Description of the task: Make an exact copy of the lines from the one containing "using sym by (simp add: mem_nbhd_iff)" to the end of the records below, and leave out everything else.

-- Material to process follows --

(* Let $M$ be a closed surface with a triangulation $\mathcal{T}=(V,E,F)$, $V=\{v_1,\dots,v_N\}$, and let $\Phi:E\to[0,\pi)$ be a weight satisfying condition $\langle\star\rangle$ (see context). Let $R>0$ be a constant. Then there exist positive constants $a_1(\Phi,R)$, $a_2(\Phi,R)$, $a_3(\Phi,R)$, depending only on $\Phi$ and $R$, such that for every hyperbolic circle packing metric $r=(r_1,\dots,r_N)\in\mathbb{R}_{>0}^N$ with $r_i\ge R$ for all $v_i\in V$, one has $a_1\le A_i\le a_2$ for every vertex $v_i$, and $0\le B_{ij}\le a_3$ for all adjacent vertices $v_i,v_j$.
   Context: Weights: write $\Phi_{ij}=\Phi(e_{ij})$ and $I_{ij}=\cos\Phi_{ij}$. Condition $\langle\star\rangle$: for every face $\triangle_{ijk}\in F$, $I_{ij}+I_{ik}I_{jk}\ge0$, $I_{ik}+I_{ij}I_{jk}\ge0$, $I_{jk}+I_{ij}I_{ik}\ge0$. A circle packing metric is $r:V\to(0,\infty)$, $r_i=r(v_i)$ (radius of a circle centered at $v_i$). In hyperbolic background geometry the edge $e_{ij}$ gets length $l_{ij}=\cosh^{-1}(\cosh r_i\cosh r_j+\sinh r_i\sinh r_j\cos\Phi_{ij})$; under $\langle\star\rangle$ the three lengths of each face satisfy the triangle inequalities, so each face $\triangle_{ijk}$ is realized as a hyperbolic triangle; $\theta_i^{jk}\in(0,\pi)$ denotes its inner angle at $v_i$. Set $u_i=\ln\tanh(r_i/2)$ (a diffeomorphism $\mathbb{R}^N_{>0}\to\mathbb{R}^N_{<0}$) and regard angles and areas as functions of $u=(u_1,\dots,u_N)$. For an edge $e_{ij}$ with adjacent faces $\triangle_{ijk},\triangle_{ijl}$, define $B_{ij}=\frac{\partial\theta_i^{jk}}{\partial u_j}+\frac{\partial\theta_i^{jl}}{\partial u_j}$, and for a vertex $v_i$ define $A_i=\frac{\partial}{\partial u_i}\Big(\sum_{\triangle_{ijk}\in F}\mathrm{Area}(\triangle_{ijk})\Big)$, the sum over all faces containing $v_i$ (hyperbolic areas). *)

theory Defs
  imports "HOL-Analysis.Analysis"
begin
lemma finite_V: "finite V"
  and irrefl: "v \<in> V \<Longrightarrow> \<not> E v v"
  and sym: "u \<in> V \<Longrightarrow> v \<in> V \<Longrightarrow> E u v \<longleftrightarrow> E v u"
  and card_nbhd: "v \<in> V \<Longrightarrow> card (N v) = k"
  and card_common_cases: "u \<in> V \<Longrightarrow> v \<in> V \<Longrightarrow> u \<noteq> v \<Longrightarrow>
    card (N u \<inter> N v) = a \<or> card (N u \<inter> N v) = k - 1"
  using deza by (auto simp: deza_graph_def sgraph_def regular_def)

lemma finite_N [simp]: "finite (N v)"
  using finite_V by (rule finite_nbhd)

lemma not_mem_own_nbhd [simp]: "v \<notin> N v"
  using irrefl by (simp add: mem_nbhd_iff)

lemma mem_nbhd_sym: "u \<in> V \<Longrightarrow> v \<in> V \<Longrightarrow> u \<in> N v \<longleftrightarrow> v \<in> N u"
  using sym by (simp add: mem_nbhd_iff)

definition partner :: "'a \<Rightarrow> 'a" where
  "partner v = (THE u. u \<in> V \<and> u \<noteq> v \<and> card (N v \<inter> N u) = k - 1)"

lemma partner_ex1:
  assumes v: "v \<in> V"
  shows "\<exists>!u. u \<in> V \<and> u \<noteq> v \<and> card (N v \<inter> N u) = k - 1"
proof -
  have "card {u \<in> V. u \<noteq> v \<and> card (N v \<inter> N u) = k - 1} = 1"
    using beta_one v by (simp add: beta_at_def)
  then obtain z where z: "{u \<in> V. u \<noteq> v \<and> card (N v \<inter> N u) = k - 1} = {z}"
    by (rule card_1_singletonE)
  show ?thesis
  proof
    show "z \<in> V \<and> z \<noteq> v \<and> card (N v \<inter> N z) = k - 1"
      using z by blast
    show "u = z" if "u \<in> V \<and> u \<noteq> v \<and> card (N v \<inter> N u) = k - 1" for u
      using z that by blast
  qed
qed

-- Material to process concluded --

Solution to the exercise:
  using sym by (simp add: mem_nbhd_iff)

definition partner :: "'a \<Rightarrow> 'a" where
  "partner v = (THE u. u \<in> V \<and> u \<noteq> v \<and> card (N v \<inter> N u) = k - 1)"

lemma partner_ex1:
  assumes v: "v \<in> V"
  shows "\<exists>!u. u \<in> V \<and> u \<noteq> v \<and> card (N v \<inter> N u) = k - 1"
proof -
  have "card {u \<in> V. u \<noteq> v \<and> card (N v \<inter> N u) = k - 1} = 1"
    using beta_one v by (simp add: beta_at_def)
  then obtain z where z: "{u \<in> V. u \<noteq> v \<and> card (N v \<inter> N u) = k - 1} = {z}"
    by (rule card_1_singletonE)
  show ?thesis
  proof
    show "z \<in> V \<and> z \<noteq> v \<and> card (N v \<inter> N z) = k - 1"
      using z by blast
    show "u = z" if "u \<in> V \<and> u \<noteq> v \<and> card (N v \<inter> N u) = k - 1" for u
      using z that by blast
  qed
qed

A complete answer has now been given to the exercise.